As described above, according to the first aspect of the present invention, since the data analysis unit is provided with the judgment management means for determining whether or not data has been collected in word units, Even if data cannot be received continuously due to interception, data can be intermittently collected in word units, so in environments where radio waves are frequently interrupted, the time required to collect orbit information can be reduced, and the time from power-on to position calculation can be reduced. It has the effect that it can be shortened.

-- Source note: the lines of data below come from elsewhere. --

lemma cinner_real_combination:
  "cinner (complex_of_real a *\<^sub>C p + complex_of_real b *\<^sub>C q) (complex_of_real a *\<^sub>C r + complex_of_real b *\<^sub>C s)
   = complex_of_real (a * a) * cinner p r + complex_of_real (a * b) * cinner p s
     + complex_of_real (a * b) * cinner q r + complex_of_real (b * b) * cinner q s"
  by (simp add: cinner_add_left cinner_add_right cinner_scaleC_left cinner_scaleC_right)
    (simp add: algebra_simps)

lemma exists_real_scaleC_unit:
  fixes x :: "'a::complex_inner"
  assumes "x \<noteq> 0"
  shows "\<exists>a. cinner (complex_of_real a *\<^sub>C x) (complex_of_real a *\<^sub>C x) = 1"
proof -
  define r where "r = Re (cinner x x)"
  have xx: "cinner x x = complex_of_real r"
    using cinner_self_real_nonneg[of x] by (simp add: r_def complex_eq_iff)
  have "r \<noteq> 0"
    using assms cinner_eq_zero_iff[of x] xx by auto
  then have "r > 0"
    using cinner_self_real_nonneg[of x] r_def by linarith
  then have "cinner (complex_of_real (1 / sqrt r) *\<^sub>C x) (complex_of_real (1 / sqrt r) *\<^sub>C x) = 1"
    by (simp add: cinner_scaleC_left cinner_scaleC_right xx flip: of_real_mult)
  then show ?thesis by blast
qed

lemma clinear_add: "clinear T \<Longrightarrow> T (x + y) = T x + T y"
  unfolding clinear_def by auto

lemma clinear_scaleC: "clinear T \<Longrightarrow> T (a *\<^sub>C x) = a *\<^sub>C T x"
  unfolding clinear_def by auto

lemma clinear_zero: "clinear T \<Longrightarrow> T 0 = 0"
  by (metis clinear_scaleC scaleC_zero_left)

lemma clinear_sum: "clinear T \<Longrightarrow> T (sum f S) = (\<Sum>i\<in>S. T (f i))"
  by (induction S rule: infinite_finite_induct) (auto simp: clinear_zero clinear_add)

lemma selfadjoint_op_clinear: "selfadjoint_op T \<Longrightarrow> clinear T"
  unfolding selfadjoint_op_def bounded_clinear_op_def by blast

lemma norm_selfadjoint_idempotent_le:
  fixes P :: "'a::complex_inner \<Rightarrow> 'a"
  assumes adj: "\<And>y z. cinner (P y) z = cinner y (P z)" and idem: "\<And>y. P (P y) = P y"
  shows "norm (P y) \<le> norm y"
proof -
  define r where "r = y - P y"
  have Pr: "cinner (P y) r = 0"
    unfolding r_def cinner_diff_right by (metis adj idem diff_self)
  have y: "y = P y + r" unfolding r_def by simp
  have "cinner y y = cinner (P y) (P y) + cinner r r"
    using Pr cinner_eq_zero_sym[OF Pr]
    by (subst (1 2) y) (simp add: cinner_add_left cinner_add_right)
  then have "Re (cinner (P y) (P y)) \<le> Re (cinner y y)"
    using cinner_self_real_nonneg[of r] by simp
  then show ?thesis by (simp add: norm_eq_sqrt_cinner)
qed

section \<open>Orthogonal vectors and orthonormal families\<close>

lemma underdetermined_homogeneous_system_nontrivial:
  fixes M :: "'r \<Rightarrow> 'i \<Rightarrow> 'f::field"
  assumes "finite R" "finite I" "card R < card I"
  shows "\<exists>c. (\<exists>i\<in>I. c i \<noteq> 0) \<and> (\<forall>r\<in>R. (\<Sum>i\<in>I. M r i * c i) = 0)"
  using assms
proof (induction R arbitrary: I M rule: finite_induct)
  case empty
  then show ?case by (intro exI[of _ "\<lambda>_. 1"]) (auto simp: card_gt_0_iff)
next
  case (insert r0 R I M)
  show ?case
  proof (cases "\<forall>i\<in>I. M r0 i = 0")
    case True
    with insert show ?thesis by fastforce
  next
    case False
    then obtain p where p: "p \<in> I" "M r0 p \<noteq> 0" by auto
    define I' where "I' = I - {p}"
    \<comment> \<open>Gaussian elimination: eliminate the unknown at \<open>p\<close> using the equation \<open>r0\<close>.\<close>
    define M' where "M' = (\<lambda>r i. M r i - M r p * M r0 i / M r0 p)"
    have "finite I'" "card R < card I'"
      using insert p by (auto simp: I'_def card_Diff_singleton)
    from insert.IH[OF this, of M'] obtain c' where
      c': "\<exists>i\<in>I'. c' i \<noteq> 0" "\<forall>r\<in>R. (\<Sum>i\<in>I'. M' r i * c' i) = 0" by auto
    define S where "S = (\<Sum>i\<in>I'. M r0 i * c' i)"
    define c where "c = c'(p := - S / M r0 p)"
    have split: "(\<Sum>i\<in>I. M r i * c i) = M r p * c p + (\<Sum>i\<in>I'. M r i * c' i)" for r
    proof -
      have "(\<Sum>i\<in>I. M r i * c i) = M r p * c p + (\<Sum>i\<in>I'. M r i * c i)"
        unfolding I'_def using p insert.prems by (simp add: sum.remove)
      also have "(\<Sum>i\<in>I'. M r i * c i) = (\<Sum>i\<in>I'. M r i * c' i)"
        by (rule sum.cong) (auto simp: c_def I'_def)
      finally show ?thesis .
    qed
    have "(\<Sum>i\<in>I. M r i * c i) = 0" if "r \<in> R" for r
    proof -
      have "(\<Sum>i\<in>I. M r i * c i) = (\<Sum>i\<in>I'. M' r i * c' i)"
        unfolding split M'_def using p
        by (simp add: c_def S_def algebra_simps sum_subtractf sum_distrib_left sum_divide_distrib)
      then show ?thesis using c'(2) that by auto
    qed
    moreover have "\<exists>i\<in>I. c i \<noteq> 0" "(\<Sum>i\<in>I. M r0 i * c i) = 0"
      using c'(1) p unfolding split S_def[symmetric] by (auto simp: c_def I'_def)
    ultimately show ?thesis by (intro exI[of _ c]) auto
  qed
qed

lemma cspan_fin_orthogonal_nonzero:
  fixes B V :: "'a::complex_inner set"
  assumes "finite B" "cindependent_fin B" "finite V" "card V < card B"
  shows "\<exists>x \<in> cspan_fin B. x \<noteq> 0 \<and> (\<forall>v\<in>V. cinner v x = 0)"
proof -
  obtain c where c: "\<exists>b\<in>B. c b \<noteq> 0" "\<forall>v\<in>V. (\<Sum>b\<in>B. cinner v b * c b) = 0"
    using underdetermined_homogeneous_system_nontrivial[OF assms(3,1,4), of cinner] by auto
  define x where "x = (\<Sum>b\<in>B. c b *\<^sub>C b)"
  have "x \<in> cspan_fin B" unfolding x_def cspan_fin_def by auto
  moreover have "x \<noteq> 0" using assms(2) c(1) unfolding cindependent_fin_def x_def by auto
  moreover have "cinner v x = 0" if "v \<in> V" for v
    using c(2) that unfolding x_def by (simp add: cinner_sum_right cinner_scaleC_right mult.commute)
  ultimately show ?thesis by blast
qed

definition orthonormal :: "(nat \<Rightarrow> 'a::complex_inner) \<Rightarrow> nat \<Rightarrow> bool" where
  "orthonormal x k \<longleftrightarrow> (\<forall>i<k. \<forall>l<k. cinner (x i) (x l) = (if i = l then 1 else 0))"

definition oproj :: "(nat \<Rightarrow> 'a::complex_inner) \<Rightarrow> nat \<Rightarrow> 'a \<Rightarrow> 'a" where
  "oproj x k y = (\<Sum>i<k. cinner (x i) y *\<^sub>C x i)"

lemma orthonormal_inj_on: "orthonormal x k \<Longrightarrow> inj_on x {..<k}"
  unfolding orthonormal_def inj_on_def by (metis lessThan_iff one_neq_zero)

lemma clinear_oproj: "clinear (oproj x k)"
  unfolding clinear_def oproj_def
  by (auto simp: cinner_add_right scaleC_add_left sum.distrib cinner_scaleC_right
      scaleC_sum_right scaleC_scaleC)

According to the second aspect of the present invention, in addition to the parity check, the judgment management based on the signal amplitude is performed as the judgment management means for judging whether or not data has been collected in word units. The reliability of determination management by collecting data can be improved, the time required to collect orbit information in the case of a preamble erroneous detection can be reduced, and the time from power-on to position calculation can be reduced. Has an effect.

[Brief description of the drawings]

FIG. 1 is a diagram showing a configuration of a GPS receiver according to a first embodiment of the present invention;

FIG. 2 is a diagram showing a processing flow of a data analysis unit according to the first embodiment of the present invention;

FIG. 3 is a diagram showing a configuration of a GPS receiver according to a second embodiment of the present invention;

FIG. 4 is a diagram showing a processing flow of a data analysis unit according to the second embodiment of the present invention;

FIG. 5 is a diagram showing a configuration of a conventional GPS receiver.

FIG. 6 is a diagram showing a processing flow of a data analysis unit in a conventional GPS receiver.

FIG. 7 is a diagram showing a data format configuration from a GPS satellite.

[Explanation of symbols]

 1 GPS antenna 2, 5 signal demodulation unit 3, 6, 7 data analysis unit 4 position calculation unit

Claims (2)

[Claims] 1. A GPS for receiving a signal from a GPS satellite
An antenna, a signal demodulation unit that demodulates a signal to convert the data into bit string data, and a GPS that analyzes data.
A data analyzing unit for extracting the orbit information of the satellite; and a position calculating unit for calculating the position of the receiver using the orbit information of the GPS satellite and the reception time of the signal. The data analyzing unit can collect data in word units. G is provided so that data can be intermittently collected in word units even when data cannot be received continuously due to radio wave interruption.
PS receiver. 2. As a means for managing whether or not data has been collected in word units, in addition to parity check,
The GPS receiver according to claim 1, wherein the reliability of determination management by collecting data is enhanced by performing determination management based on signal amplitude.